▶ Task to carry out
Below are lines of data; count those that contain "definition" and give the total alone.

Dataset records

☆ ☆ ☆ ☆ ☆

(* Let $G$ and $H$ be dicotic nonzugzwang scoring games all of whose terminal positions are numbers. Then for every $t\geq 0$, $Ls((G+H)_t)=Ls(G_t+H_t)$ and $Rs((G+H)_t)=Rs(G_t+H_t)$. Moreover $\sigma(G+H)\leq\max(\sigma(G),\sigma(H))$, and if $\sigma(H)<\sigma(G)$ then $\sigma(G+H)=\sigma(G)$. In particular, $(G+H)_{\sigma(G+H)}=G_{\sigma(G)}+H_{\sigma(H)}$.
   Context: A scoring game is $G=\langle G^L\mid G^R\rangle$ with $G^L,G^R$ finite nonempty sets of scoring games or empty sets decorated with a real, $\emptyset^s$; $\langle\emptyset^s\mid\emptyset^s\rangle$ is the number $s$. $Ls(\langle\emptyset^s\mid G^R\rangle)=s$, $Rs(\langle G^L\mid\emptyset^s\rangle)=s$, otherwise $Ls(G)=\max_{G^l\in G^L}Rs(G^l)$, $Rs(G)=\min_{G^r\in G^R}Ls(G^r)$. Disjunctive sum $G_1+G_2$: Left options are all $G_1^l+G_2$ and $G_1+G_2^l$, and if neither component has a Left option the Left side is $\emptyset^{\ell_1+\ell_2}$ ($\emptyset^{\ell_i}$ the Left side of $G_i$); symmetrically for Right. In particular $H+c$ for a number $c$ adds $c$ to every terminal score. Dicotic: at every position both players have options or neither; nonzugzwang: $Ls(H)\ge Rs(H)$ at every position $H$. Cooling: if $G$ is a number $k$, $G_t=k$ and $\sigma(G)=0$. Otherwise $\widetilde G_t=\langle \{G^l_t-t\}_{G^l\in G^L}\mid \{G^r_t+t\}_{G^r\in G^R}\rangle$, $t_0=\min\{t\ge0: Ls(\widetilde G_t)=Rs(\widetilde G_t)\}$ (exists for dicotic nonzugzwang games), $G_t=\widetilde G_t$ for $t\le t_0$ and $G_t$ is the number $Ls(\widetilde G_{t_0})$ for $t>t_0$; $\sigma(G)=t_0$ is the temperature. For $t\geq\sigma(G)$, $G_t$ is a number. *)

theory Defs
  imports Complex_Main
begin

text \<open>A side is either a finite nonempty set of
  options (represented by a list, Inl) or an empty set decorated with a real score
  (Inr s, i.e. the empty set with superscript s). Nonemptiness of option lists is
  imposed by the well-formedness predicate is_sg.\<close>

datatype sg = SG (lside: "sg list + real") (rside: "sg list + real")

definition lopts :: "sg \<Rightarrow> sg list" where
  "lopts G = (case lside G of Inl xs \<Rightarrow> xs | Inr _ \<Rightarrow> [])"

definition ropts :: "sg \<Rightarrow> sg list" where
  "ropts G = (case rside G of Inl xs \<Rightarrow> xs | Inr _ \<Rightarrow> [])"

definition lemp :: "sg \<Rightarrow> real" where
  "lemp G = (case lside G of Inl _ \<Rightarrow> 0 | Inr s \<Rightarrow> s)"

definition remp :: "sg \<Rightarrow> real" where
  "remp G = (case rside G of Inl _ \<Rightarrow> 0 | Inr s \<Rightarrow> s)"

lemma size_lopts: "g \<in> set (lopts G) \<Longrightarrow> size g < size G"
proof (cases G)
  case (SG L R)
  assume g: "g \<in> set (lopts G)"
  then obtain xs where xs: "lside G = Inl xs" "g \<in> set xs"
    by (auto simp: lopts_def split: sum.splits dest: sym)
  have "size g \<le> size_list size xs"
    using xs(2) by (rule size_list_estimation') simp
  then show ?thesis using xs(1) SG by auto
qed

☆ ☆ ☆ ☆ ☆

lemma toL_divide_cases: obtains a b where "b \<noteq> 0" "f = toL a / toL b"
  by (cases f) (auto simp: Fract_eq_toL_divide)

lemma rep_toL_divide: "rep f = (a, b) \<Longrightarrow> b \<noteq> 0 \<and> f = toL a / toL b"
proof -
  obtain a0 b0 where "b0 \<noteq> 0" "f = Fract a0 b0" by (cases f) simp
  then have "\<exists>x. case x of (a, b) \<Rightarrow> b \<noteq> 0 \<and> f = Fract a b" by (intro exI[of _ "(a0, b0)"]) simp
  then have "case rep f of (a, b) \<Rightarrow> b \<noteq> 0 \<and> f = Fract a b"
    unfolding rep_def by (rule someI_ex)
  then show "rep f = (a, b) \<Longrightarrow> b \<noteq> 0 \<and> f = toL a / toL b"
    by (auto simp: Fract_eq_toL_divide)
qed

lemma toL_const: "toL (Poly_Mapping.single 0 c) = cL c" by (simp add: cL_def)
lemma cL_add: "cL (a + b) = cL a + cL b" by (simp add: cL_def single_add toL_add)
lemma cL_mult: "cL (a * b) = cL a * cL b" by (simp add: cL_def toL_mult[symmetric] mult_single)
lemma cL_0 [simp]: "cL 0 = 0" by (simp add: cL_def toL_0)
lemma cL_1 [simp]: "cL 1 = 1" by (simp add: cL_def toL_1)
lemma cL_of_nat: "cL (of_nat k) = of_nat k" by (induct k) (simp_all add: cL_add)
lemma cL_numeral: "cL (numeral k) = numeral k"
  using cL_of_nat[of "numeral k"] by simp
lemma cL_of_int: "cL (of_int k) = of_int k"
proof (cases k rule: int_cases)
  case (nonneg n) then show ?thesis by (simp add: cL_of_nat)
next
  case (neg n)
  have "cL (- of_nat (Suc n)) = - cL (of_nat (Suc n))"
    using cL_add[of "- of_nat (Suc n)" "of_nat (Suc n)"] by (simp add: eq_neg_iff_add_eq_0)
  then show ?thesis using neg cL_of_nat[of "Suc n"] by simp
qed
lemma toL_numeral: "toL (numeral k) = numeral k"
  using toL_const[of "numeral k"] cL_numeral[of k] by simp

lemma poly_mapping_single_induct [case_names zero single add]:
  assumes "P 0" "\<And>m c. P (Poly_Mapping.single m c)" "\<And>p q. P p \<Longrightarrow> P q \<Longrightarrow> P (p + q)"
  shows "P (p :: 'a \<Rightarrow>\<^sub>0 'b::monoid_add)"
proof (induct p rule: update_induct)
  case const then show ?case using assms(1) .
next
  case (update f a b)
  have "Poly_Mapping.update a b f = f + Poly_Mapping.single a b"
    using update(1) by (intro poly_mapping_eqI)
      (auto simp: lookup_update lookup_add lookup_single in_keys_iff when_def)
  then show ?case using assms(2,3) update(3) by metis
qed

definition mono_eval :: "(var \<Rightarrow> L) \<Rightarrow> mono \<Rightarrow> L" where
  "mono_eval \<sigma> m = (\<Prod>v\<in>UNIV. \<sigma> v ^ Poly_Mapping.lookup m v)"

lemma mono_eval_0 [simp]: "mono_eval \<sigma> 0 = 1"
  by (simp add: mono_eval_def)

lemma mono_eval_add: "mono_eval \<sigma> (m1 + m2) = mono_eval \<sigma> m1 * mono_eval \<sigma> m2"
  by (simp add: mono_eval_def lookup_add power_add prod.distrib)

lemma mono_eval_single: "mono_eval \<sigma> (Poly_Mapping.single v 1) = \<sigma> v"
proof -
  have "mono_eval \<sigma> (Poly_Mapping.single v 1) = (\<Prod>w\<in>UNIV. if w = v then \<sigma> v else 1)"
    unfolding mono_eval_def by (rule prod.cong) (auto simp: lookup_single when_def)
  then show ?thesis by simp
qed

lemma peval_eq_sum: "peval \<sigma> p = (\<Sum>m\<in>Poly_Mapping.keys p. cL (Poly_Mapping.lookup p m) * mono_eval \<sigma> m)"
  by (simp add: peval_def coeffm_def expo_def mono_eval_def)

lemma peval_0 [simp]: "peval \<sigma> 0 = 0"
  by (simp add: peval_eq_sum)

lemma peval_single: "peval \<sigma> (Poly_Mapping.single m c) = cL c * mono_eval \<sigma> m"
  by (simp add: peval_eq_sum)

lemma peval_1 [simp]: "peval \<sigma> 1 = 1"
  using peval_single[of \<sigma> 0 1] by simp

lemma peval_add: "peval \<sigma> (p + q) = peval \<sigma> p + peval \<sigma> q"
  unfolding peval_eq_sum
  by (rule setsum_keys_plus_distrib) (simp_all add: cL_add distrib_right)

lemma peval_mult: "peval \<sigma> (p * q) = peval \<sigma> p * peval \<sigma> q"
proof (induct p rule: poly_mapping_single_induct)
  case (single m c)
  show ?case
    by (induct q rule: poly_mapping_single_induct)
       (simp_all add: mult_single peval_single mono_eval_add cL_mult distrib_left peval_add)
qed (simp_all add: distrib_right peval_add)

☆ ☆ ☆ ☆ ☆

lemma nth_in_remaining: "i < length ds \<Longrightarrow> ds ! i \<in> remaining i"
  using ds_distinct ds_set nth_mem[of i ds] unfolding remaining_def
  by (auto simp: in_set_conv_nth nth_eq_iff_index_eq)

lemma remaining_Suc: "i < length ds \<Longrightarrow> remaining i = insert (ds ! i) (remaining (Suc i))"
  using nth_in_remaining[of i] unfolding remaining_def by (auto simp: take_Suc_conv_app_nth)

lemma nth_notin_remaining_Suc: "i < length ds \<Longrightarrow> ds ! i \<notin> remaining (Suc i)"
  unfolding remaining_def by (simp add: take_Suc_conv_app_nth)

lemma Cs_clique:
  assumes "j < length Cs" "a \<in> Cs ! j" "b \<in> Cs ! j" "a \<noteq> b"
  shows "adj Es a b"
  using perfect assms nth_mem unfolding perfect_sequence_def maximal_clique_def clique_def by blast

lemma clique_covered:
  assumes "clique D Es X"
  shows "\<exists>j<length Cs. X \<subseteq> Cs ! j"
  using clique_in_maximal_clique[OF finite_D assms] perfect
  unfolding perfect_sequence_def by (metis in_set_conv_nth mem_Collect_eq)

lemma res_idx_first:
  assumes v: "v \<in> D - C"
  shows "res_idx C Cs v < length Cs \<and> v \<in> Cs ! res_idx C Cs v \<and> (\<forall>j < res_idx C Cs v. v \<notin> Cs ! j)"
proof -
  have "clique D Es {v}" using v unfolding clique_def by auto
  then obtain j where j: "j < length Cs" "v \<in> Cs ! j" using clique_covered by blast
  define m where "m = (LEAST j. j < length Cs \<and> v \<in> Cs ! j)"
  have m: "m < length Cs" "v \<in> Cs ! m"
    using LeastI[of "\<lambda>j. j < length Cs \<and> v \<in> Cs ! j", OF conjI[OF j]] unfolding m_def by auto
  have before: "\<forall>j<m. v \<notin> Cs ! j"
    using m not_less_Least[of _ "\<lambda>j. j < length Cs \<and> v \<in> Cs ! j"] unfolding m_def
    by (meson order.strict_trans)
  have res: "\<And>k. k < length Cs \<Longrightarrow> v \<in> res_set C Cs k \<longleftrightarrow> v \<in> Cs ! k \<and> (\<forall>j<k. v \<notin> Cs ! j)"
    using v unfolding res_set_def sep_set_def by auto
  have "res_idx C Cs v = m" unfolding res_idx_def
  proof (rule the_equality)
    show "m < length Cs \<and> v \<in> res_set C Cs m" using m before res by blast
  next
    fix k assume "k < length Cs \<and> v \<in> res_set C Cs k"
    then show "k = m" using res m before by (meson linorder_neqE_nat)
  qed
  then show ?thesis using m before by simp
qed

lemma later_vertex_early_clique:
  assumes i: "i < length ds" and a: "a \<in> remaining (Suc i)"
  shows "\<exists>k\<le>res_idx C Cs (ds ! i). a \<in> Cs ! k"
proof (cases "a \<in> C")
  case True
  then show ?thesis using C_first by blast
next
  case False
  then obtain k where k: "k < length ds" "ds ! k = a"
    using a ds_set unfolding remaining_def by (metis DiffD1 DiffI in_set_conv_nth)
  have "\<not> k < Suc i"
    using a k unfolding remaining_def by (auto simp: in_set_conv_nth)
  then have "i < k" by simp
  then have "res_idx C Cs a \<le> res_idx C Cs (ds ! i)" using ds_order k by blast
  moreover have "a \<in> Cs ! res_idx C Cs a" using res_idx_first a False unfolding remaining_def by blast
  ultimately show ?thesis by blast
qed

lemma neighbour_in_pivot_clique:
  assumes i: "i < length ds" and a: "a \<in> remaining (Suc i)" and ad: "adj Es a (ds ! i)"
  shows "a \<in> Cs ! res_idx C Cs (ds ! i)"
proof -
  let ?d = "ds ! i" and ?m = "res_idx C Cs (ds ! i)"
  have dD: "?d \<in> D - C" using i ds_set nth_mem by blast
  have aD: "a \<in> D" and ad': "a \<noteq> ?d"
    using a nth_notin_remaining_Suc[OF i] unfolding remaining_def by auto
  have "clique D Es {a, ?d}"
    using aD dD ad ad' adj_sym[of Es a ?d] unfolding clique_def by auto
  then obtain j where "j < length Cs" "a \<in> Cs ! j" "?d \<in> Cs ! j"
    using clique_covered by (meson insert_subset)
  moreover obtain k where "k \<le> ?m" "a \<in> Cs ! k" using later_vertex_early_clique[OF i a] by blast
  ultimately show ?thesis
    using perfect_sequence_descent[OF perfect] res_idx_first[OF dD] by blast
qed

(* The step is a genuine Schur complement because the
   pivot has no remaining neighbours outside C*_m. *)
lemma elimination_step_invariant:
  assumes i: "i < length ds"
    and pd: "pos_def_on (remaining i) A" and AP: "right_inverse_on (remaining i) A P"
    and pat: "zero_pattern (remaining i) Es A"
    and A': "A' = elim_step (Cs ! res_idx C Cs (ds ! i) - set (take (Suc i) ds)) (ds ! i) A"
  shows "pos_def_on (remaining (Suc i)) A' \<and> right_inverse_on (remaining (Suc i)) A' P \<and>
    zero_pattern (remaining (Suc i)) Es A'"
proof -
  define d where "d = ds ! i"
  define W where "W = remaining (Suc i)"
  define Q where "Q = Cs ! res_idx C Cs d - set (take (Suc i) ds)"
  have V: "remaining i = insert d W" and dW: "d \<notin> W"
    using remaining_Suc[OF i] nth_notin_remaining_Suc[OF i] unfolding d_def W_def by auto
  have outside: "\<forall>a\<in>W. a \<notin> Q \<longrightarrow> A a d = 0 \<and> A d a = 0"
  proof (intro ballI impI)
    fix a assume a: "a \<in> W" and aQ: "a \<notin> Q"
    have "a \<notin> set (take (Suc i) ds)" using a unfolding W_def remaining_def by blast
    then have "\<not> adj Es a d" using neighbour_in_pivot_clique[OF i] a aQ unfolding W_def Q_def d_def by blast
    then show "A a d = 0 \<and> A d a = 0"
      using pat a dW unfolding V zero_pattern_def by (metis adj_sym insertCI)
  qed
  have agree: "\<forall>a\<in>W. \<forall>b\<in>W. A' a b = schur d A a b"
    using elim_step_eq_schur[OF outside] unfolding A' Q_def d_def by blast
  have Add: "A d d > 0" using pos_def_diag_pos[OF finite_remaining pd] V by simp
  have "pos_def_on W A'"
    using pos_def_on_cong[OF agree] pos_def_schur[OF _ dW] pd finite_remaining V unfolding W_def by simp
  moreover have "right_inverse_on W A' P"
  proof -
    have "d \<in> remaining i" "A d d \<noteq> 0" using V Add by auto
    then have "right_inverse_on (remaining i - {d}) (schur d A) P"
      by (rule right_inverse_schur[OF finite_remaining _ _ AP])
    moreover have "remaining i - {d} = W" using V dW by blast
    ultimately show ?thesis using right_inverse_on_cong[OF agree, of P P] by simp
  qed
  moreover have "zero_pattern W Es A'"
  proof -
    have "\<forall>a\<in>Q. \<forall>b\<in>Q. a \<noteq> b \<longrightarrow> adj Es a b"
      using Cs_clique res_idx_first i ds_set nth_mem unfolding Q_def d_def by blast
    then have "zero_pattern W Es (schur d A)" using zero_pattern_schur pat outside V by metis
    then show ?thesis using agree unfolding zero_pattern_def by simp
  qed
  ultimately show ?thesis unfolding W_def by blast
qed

☆ ☆ ☆ ☆ ☆

▶ Exercise answer
5